Mr. Steele’s advice came while being the featured speaker at the Prime Minister’s Annual New Year’s Gala at the St. Kitts Marriott Resort and Royal Beach Casino on January 7, 2017.

“When you become detached as an elected official, when you become too big for your breeches as my momma used to tell me, when you assume that election after election, vote after vote, you’ve got it in your pocket, that’s when you’ve lost, even though you may win the election,” said Mr. Steele, while citing the example of the former Republican majority leader of the United States Congress.

“I’m thinking of the former majority leader of the Congress, Eric Cantor, from Virginia, who forgot the people who elected him, who then reminded him when they unseated him as the sitting majority leader,” said Mr. Steele,author of the book “Right Now: A 12-Step Program For Defeating The Obama Agenda”.
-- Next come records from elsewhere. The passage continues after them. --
lemma (in finite_measure) nn_integral_mult_le_if_real_cond_exp_le:
  fixes f :: "'b \<Rightarrow> ennreal"
  assumes Z: "Z \<in> measurable M N" and f: "f \<in> borel_measurable N"
    and V: "integrable M V" "\<And>\<omega>. 0 \<le> V \<omega>"
    and cond_exp: "AE \<omega> in M. real_cond_exp M (vimage_algebra (space M) Z N) V \<omega> \<le> c"
  shows "(\<integral>\<^sup>+\<omega>. ennreal (V \<omega>) * f (Z \<omega>) \<partial>M) \<le> ennreal c * (\<integral>\<^sup>+\<omega>. f (Z \<omega>) \<partial>M)"
proof -
  define F where "F = vimage_algebra (space M) Z N"
  interpret sigma_finite_subalgebra M F
    unfolding F_def using sigma_finite_subalgebra_vimage_algebra[OF Z] .
  have [measurable]: "V \<in> borel_measurable M" "(\<lambda>\<omega>. f (Z \<omega>)) \<in> borel_measurable M"
    using V(1) Z f by auto
  have fZ: "(\<lambda>\<omega>. f (Z \<omega>)) \<in> borel_measurable F"
    unfolding F_def by (rule measurable_vimage_algebra_compose[OF Z f])
  have "(\<integral>\<^sup>+\<omega>. ennreal (V \<omega>) * f (Z \<omega>) \<partial>M)
      = (\<integral>\<^sup>+\<omega>. f (Z \<omega>) * nn_cond_exp M F (\<lambda>\<omega>. ennreal (V \<omega>)) \<omega> \<partial>M)"
    using nn_cond_exp_intg[OF fZ] by (simp add: mult.commute)
  also have "\<dots> \<le> (\<integral>\<^sup>+\<omega>. f (Z \<omega>) * ennreal c \<partial>M)"
    using AE_nn_cond_exp_le_if_real_cond_exp_le[OF V cond_exp[folded F_def]]
    by (intro nn_integral_mono_AE) (auto intro: mult_left_mono elim!: eventually_mono)
  also have "\<dots> = ennreal c * (\<integral>\<^sup>+\<omega>. f (Z \<omega>) \<partial>M)"
    by (subst nn_integral_multc) (simp_all add: mult.commute)
  finally show ?thesis .
qed

section \<open>Independent blocks of an i.i.d.\ sequence\<close>

locale iid_sequence = prob_space M for M :: "'a measure" +
  fixes X :: "nat \<Rightarrow> 'a \<Rightarrow> 'x::topological_space"
  assumes measurable_X[measurable]: "\<And>i. X i \<in> borel_measurable M"
    and indep_vars_X: "indep_vars (\<lambda>_. borel) X UNIV"
    and distr_X: "\<And>i. distr M borel (X i) = distr M borel (X 0)"
begin

abbreviation law :: "'x measure" where
  "law \<equiv> distr M borel (X 0)"

definition block :: "nat set \<Rightarrow> 'a \<Rightarrow> nat \<Rightarrow> 'x" where
  "block K \<omega> = restrict (\<lambda>k. X k \<omega>) K"

definition block_distr :: "nat set \<Rightarrow> (nat \<Rightarrow> 'x) measure" where
  "block_distr K = distr M (PiM K (\<lambda>_. borel)) (block K)"

lemma measurable_block[measurable]: "block K \<in> measurable M (PiM K (\<lambda>_. borel))"
  unfolding block_def by (intro measurable_restrict) simp

lemma prob_space_law: "prob_space law"
  by (rule prob_space_distr) simp

lemma prob_space_block_distr: "prob_space (block_distr K)"
  unfolding block_distr_def by (rule prob_space_distr) simp

lemma distr_block_X:
  assumes "i \<notin> K"
  shows "distr M (PiM K (\<lambda>_. borel) \<Otimes>\<^sub>M borel) (\<lambda>\<omega>. (block K \<omega>, X i \<omega>)) = block_distr K \<Otimes>\<^sub>M law"
proof -
  have "indep_var (PiM K (\<lambda>_. borel)) (block K) (PiM {i} (\<lambda>_. borel)) (block {i})"
    unfolding block_def[abs_def] by (rule indep_var_restrict[OF indep_vars_X]) (use assms in auto)
  then have blocks: "distr M (PiM K (\<lambda>_. borel) \<Otimes>\<^sub>M PiM {i} (\<lambda>_. borel)) (\<lambda>\<omega>. (block K \<omega>, block {i} \<omega>))
      = block_distr K \<Otimes>\<^sub>M block_distr {i}"
    unfolding indep_var_distribution_eq block_distr_def by simp
  have [measurable]: "(\<lambda>f. f i) \<in> measurable (PiM {i} (\<lambda>_. borel)) (borel :: 'x measure)"
    by (rule measurable_component_singleton) simp
  have "block_distr K \<Otimes>\<^sub>M law
      = distr (block_distr K) (PiM K (\<lambda>_. borel)) (\<lambda>v. v) \<Otimes>\<^sub>M distr (block_distr {i}) borel (\<lambda>f. f i)"
    by (simp add: distr_id2 block_distr_def distr_distr comp_def block_def distr_X[of i, symmetric])
  also have "\<dots> = distr (block_distr K \<Otimes>\<^sub>M block_distr {i}) (PiM K (\<lambda>_. borel) \<Otimes>\<^sub>M borel) (\<lambda>(v, f). (v, f i))"
    by (intro pair_measure_distr prob_space_imp_sigma_finite prob_space.prob_space_distr
        prob_space_block_distr) (auto simp: block_distr_def)
  also have "\<dots> = distr M (PiM K (\<lambda>_. borel) \<Otimes>\<^sub>M borel) (\<lambda>\<omega>. (block K \<omega>, X i \<omega>))"
    by (simp add: blocks[symmetric] distr_distr comp_def block_def)
  finally show ?thesis ..
qed

lemma nn_integral_block_X:
  assumes "i \<notin> K" and [measurable]: "G \<in> borel_measurable (PiM K (\<lambda>_. borel) \<Otimes>\<^sub>M borel)"
  shows "(\<integral>\<^sup>+\<omega>. G (block K \<omega>, X i \<omega>) \<partial>M) = (\<integral>\<^sup>+v. \<integral>\<^sup>+x. G (v, x) \<partial>law \<partial>block_distr K)"
proof -
  interpret law: prob_space law by (rule prob_space_law)
  have "(\<integral>\<^sup>+\<omega>. G (block K \<omega>, X i \<omega>) \<partial>M) = integral\<^sup>N (block_distr K \<Otimes>\<^sub>M law) G"
    by (simp add: distr_block_X[OF assms(1), symmetric] nn_integral_distr)
  also have "\<dots> = (\<integral>\<^sup>+v. \<integral>\<^sup>+x. G (v, x) \<partial>law \<partial>block_distr K)"
    by (rule law.nn_integral_fst[symmetric]) (simp add: block_distr_def)
  finally show ?thesis .
qed

lemma integral_block_X:
  fixes G :: "(nat \<Rightarrow> 'x) \<times> 'x \<Rightarrow> real"
  assumes "i \<notin> K" and [measurable]: "G \<in> borel_measurable (PiM K (\<lambda>_. borel) \<Otimes>\<^sub>M borel)"
    and integrable: "integrable M (\<lambda>\<omega>. G (block K \<omega>, X i \<omega>))"
  shows "AE v in block_distr K. integrable law (\<lambda>x. G (v, x))"
    and "(\<integral>\<omega>. G (block K \<omega>, X i \<omega>) \<partial>M) = (\<integral>v. \<integral>x. G (v, x) \<partial>law \<partial>block_distr K)"
proof -
  interpret pair_prob_space "block_distr K" law
    by (intro pair_prob_space.intro pair_sigma_finite.intro prob_space_law prob_space_block_distr
        prob_space_imp_sigma_finite)
  have "integrable (block_distr K \<Otimes>\<^sub>M law) G"
    using integrable by (simp add: distr_block_X[OF assms(1), symmetric] integrable_distr_eq)
  then show "AE v in block_distr K. integrable law (\<lambda>x. G (v, x))"
    and "(\<integral>\<omega>. G (block K \<omega>, X i \<omega>) \<partial>M) = (\<integral>v. \<integral>x. G (v, x) \<partial>law \<partial>block_distr K)"
    by (simp_all add: AE_integrable_fst' integral_fst' distr_block_X[OF assms(1), symmetric] integral_distr)
qed

lemma nn_integral_X_eq_law:
  assumes [measurable]: "f \<in> borel_measurable borel"
  shows "(\<integral>\<^sup>+\<omega>. f (X i \<omega>) \<partial>M) = (\<integral>\<^sup>+x. f x \<partial>law)"
  by (simp add: distr_X[of i, symmetric] nn_integral_distr)
lemma contingent_solution_hamiltonian:
  assumes W_sol: "gen_contingent_solution T P f L U W"
    and t: "t \<in> {0<..<T}" and y: "y \<in> W t x"
    and cd: "(xi, v) \<in> coderiv T P W (t, x, y) w"
  shows "xi + Inf {inner v fv + inner w Lv | fv Lv. (fv, Lv) \<in> FL f L U x} = 0"
proof -
  have n: "(xi, v, - w) \<in> proximal_normal_cone (up_graph T P W) (t, x, y)"
    using cd unfolding coderiv_def by simp
  obtain fb Lb where fb_FL: "(fb, Lb) \<in> FL f L U x"
    and fwd: "(1, fb, - Lb) \<in> contingent_cone (up_graph T P W) (t, x, y)"
  proof (rule contingent_solution_forward_direction[OF W_sol _ y])
    show "t \<in> {0..<T}" using t by simp
  qed
  have upper: "inner v fb + inner w Lb \<le> - xi"
    using proximal_normal_contingent_nonpos[OF n fwd] by (simp add: inner_prod_def)
  have lower: "- xi \<le> inner v fv + inner w Lv" if "(fv, Lv) \<in> FL f L U x" for fv Lv
  proof -
    have "(-1, - fv, Lv) \<in> contingent_cone (up_graph T P W) (t, x, y)"
      using contingent_solution_backward_direction[OF W_sol _ y that] t by simp
    from proximal_normal_contingent_nonpos[OF n this] show ?thesis
      by (simp add: inner_prod_def)
  qed
  have "Inf {inner v fv + inner w Lv | fv Lv. (fv, Lv) \<in> FL f L U x} = - xi"
  proof (rule Inf_eq_attained_lower_bound)
    show "inner v fb + inner w Lb \<in> {inner v fv + inner w Lv | fv Lv. (fv, Lv) \<in> FL f L U x}"
      using fb_FL by blast
  qed (use lower upper in blast)+
  thus ?thesis by simp
qed

lemma contingent_solution_initial_limsup:
  assumes W_sol: "gen_contingent_solution T P f L U W" and T_pos: "T > 0"
    and P_add: "\<And>p q. p \<in> P \<Longrightarrow> q \<in> P \<Longrightarrow> p + q \<in> P"
  shows "up_map P W 0 x \<subseteq> up_limsup T P W {0<..T} 0 x"
proof
  fix y assume "y \<in> up_map P W 0 x"
  then obtain y0 q where yq: "y = y0 + q" "y0 \<in> W 0 x" "q \<in> P" unfolding up_map_def by blast
  obtain fb Lb where "(1, fb, - Lb) \<in> contingent_cone (up_graph T P W) (0, x, y0)"
  proof (rule contingent_solution_forward_direction[OF W_sol _ yq(2)])
    show "0 \<in> {0..<T}" using T_pos by simp
  qed
  from contingent_direction_gives_limsup[OF this _ _ P_add yq(3)]
  show "y \<in> up_limsup T P W {0<..T} 0 x" unfolding yq(1) by auto
qed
“That was the demon, the devil in the details that Hillary Clinton could not overcome—that no matter how long her legacy, no matter how many years she had in public life—in this moment, at this hour, the folks were looking for a different relationship. People were expecting something different,” he said.

“If ever there was a change election in America, this election was it and yet no one believed it, no one saw it, least of all the people running for office. It wasn’t just Hillary Clinton’s problem, it was Jeff Bush’s problem, Marco Rubio’s problem—the 15 men and women who stood on that stage opposite Donald Trump didn’t get it. But say what you may, and there is a lot to say about Donald Trump—he got it. He connected with people in the real, up close, in their face, personal. He got players to stop playing the game because he was changing the game in front of their eyes and there was nothing they could do about it,” Mr. Steele added.

Mr. Steele, who was the first African American to be elected to statewide office in Maryland, taking office as lieutenant governor in January 2003, said that politics is “a very personal game.”

“At the end of the day, politics is a very personal game. It’s up close; it’s in your face. You smell each other; you reach out and you can touch them; you feel them—at least that’s what you’re supposed to be able to do,” he said.